Problem details
Where does the word "shows" occur in the data below? Copy each line that holds it.

Source records
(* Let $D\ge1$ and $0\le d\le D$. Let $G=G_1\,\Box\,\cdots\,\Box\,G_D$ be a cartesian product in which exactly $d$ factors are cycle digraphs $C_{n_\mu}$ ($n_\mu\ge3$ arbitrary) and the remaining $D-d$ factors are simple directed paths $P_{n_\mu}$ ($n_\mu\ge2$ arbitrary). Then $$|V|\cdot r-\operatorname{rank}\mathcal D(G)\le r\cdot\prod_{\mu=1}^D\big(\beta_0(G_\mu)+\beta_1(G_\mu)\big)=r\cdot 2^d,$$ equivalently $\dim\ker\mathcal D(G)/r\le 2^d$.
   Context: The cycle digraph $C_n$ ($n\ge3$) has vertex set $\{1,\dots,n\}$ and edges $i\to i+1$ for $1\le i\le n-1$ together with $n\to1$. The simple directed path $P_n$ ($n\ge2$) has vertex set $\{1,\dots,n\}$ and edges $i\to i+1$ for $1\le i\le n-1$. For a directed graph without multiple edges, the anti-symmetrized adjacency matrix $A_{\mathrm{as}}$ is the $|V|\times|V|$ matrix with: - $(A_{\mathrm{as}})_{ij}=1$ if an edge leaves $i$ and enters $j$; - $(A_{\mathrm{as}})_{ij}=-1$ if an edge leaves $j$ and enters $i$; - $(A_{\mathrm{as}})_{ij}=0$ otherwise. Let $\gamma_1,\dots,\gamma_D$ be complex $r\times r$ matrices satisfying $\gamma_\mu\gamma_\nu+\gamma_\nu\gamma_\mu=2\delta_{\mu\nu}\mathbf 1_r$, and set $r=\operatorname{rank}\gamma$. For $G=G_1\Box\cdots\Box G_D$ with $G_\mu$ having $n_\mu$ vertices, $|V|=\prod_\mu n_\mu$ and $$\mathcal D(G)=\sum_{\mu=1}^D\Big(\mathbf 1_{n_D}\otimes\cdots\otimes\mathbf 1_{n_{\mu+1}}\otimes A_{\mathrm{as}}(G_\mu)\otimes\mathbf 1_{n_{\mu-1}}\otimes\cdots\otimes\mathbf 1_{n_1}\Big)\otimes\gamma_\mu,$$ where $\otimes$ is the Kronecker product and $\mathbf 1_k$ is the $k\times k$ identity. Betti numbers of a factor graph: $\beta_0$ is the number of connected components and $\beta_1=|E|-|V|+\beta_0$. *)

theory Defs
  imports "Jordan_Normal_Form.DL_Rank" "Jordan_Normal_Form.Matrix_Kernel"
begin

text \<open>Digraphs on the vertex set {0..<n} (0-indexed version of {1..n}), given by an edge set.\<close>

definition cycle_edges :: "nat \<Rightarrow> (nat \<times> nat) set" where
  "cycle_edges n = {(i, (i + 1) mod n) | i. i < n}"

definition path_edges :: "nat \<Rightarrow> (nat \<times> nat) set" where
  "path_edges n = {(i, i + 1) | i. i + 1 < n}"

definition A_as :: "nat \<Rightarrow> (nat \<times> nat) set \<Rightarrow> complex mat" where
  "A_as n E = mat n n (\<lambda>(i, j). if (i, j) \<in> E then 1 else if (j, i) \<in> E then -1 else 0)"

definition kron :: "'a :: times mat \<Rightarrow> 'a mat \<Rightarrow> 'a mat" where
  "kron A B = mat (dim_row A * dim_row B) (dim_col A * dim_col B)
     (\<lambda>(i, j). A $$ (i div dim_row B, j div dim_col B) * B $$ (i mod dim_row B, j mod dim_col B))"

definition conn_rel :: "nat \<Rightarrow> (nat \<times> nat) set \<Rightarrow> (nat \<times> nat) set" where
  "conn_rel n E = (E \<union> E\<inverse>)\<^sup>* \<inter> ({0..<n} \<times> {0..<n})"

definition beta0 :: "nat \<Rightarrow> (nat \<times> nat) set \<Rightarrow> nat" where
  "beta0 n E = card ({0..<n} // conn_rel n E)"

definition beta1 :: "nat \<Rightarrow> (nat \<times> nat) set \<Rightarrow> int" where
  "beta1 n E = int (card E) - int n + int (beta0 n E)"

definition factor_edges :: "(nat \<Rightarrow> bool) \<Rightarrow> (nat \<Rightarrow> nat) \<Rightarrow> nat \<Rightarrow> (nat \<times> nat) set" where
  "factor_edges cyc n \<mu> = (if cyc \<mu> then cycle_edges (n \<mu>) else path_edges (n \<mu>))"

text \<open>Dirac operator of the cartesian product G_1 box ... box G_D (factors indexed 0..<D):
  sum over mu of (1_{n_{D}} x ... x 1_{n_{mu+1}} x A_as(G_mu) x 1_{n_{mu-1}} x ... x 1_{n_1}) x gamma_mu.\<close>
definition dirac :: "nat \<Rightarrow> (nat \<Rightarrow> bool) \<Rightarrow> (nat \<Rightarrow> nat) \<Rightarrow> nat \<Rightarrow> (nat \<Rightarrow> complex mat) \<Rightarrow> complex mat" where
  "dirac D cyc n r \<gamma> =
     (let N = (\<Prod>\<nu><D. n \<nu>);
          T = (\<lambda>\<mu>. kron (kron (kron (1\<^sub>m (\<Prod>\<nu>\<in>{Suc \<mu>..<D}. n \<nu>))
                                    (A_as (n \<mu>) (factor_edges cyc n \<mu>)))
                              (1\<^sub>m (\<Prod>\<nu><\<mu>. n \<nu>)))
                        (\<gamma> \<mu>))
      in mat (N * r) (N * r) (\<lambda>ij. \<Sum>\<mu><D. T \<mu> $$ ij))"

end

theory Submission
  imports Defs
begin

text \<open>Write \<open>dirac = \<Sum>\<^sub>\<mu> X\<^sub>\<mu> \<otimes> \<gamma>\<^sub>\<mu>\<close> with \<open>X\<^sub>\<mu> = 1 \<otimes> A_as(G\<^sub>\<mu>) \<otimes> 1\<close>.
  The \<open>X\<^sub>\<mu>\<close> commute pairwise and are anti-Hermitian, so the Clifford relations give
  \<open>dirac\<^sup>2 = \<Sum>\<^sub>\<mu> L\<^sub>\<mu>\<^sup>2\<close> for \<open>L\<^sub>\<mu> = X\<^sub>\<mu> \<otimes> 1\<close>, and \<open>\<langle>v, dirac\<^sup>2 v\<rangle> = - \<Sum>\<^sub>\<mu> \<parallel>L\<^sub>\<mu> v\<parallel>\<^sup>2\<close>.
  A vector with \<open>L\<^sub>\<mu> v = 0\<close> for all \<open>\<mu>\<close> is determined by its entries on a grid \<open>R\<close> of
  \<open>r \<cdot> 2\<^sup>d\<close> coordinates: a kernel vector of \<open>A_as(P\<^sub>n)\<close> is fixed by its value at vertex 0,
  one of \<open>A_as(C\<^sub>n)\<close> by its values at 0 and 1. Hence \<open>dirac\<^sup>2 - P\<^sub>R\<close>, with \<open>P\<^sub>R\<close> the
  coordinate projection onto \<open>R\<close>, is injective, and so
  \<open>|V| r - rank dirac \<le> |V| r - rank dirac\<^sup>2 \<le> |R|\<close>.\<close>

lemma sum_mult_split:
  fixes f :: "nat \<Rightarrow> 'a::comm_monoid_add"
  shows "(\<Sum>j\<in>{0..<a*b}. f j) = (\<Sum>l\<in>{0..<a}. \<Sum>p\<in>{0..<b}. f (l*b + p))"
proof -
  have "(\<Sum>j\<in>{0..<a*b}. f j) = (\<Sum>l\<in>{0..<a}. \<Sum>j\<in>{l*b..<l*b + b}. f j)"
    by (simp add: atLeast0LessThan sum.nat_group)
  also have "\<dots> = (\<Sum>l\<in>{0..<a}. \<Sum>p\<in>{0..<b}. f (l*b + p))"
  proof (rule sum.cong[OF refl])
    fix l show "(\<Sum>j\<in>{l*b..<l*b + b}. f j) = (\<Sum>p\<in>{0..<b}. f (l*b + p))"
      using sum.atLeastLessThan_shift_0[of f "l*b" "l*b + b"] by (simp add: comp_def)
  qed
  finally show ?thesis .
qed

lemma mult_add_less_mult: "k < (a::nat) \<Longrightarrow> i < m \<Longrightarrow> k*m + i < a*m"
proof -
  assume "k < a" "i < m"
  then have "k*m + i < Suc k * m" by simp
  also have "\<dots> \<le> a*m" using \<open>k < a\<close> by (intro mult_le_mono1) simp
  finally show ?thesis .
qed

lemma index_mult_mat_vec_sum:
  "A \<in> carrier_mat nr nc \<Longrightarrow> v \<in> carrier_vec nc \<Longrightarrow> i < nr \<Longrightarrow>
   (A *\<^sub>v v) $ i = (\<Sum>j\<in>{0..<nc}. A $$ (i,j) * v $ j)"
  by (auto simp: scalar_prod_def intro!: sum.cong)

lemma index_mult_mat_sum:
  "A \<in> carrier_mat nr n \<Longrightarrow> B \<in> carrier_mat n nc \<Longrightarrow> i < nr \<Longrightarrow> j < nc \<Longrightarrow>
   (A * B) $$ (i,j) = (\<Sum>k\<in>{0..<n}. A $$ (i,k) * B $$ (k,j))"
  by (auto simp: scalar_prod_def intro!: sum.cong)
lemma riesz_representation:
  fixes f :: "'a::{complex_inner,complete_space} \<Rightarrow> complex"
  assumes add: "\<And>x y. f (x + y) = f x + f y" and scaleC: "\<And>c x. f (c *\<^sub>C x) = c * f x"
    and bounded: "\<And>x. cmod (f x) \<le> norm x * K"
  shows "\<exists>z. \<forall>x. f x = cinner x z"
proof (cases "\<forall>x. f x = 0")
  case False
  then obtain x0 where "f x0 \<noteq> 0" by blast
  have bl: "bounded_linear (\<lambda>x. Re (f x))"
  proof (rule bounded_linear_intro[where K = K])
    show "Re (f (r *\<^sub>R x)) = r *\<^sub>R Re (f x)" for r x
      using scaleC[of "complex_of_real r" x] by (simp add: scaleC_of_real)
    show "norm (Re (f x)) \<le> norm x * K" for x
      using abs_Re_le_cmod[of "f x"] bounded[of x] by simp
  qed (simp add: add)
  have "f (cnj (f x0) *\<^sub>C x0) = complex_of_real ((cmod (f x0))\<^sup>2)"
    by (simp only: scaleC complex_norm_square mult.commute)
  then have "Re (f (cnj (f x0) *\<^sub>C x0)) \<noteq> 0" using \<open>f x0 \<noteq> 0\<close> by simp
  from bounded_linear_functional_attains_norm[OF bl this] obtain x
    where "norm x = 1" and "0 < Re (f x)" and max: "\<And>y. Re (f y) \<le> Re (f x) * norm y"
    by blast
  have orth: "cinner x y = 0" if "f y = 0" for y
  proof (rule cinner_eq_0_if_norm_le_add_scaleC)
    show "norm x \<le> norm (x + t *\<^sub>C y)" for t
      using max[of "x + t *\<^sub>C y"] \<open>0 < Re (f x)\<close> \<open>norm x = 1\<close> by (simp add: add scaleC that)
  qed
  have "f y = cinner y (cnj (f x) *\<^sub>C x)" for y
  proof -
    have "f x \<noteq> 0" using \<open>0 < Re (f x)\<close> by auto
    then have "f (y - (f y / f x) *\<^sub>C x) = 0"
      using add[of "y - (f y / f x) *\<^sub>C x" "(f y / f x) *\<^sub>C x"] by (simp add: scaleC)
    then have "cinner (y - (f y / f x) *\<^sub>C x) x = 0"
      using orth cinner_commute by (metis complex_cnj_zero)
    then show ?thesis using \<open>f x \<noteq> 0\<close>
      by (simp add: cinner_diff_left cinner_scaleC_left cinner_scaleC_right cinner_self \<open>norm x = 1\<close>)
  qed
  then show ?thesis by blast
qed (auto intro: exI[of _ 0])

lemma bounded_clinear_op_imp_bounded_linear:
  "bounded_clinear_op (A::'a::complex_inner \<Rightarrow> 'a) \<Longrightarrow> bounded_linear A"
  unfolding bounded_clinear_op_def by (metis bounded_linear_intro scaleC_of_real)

Reply to the task
  shows "(\<Sum>j\<in>{0..<a*b}. f j) = (\<Sum>l\<in>{0..<a}. \<Sum>p\<in>{0..<b}. f (l*b + p))"
  shows "\<exists>z. \<forall>x. f x = cinner x z"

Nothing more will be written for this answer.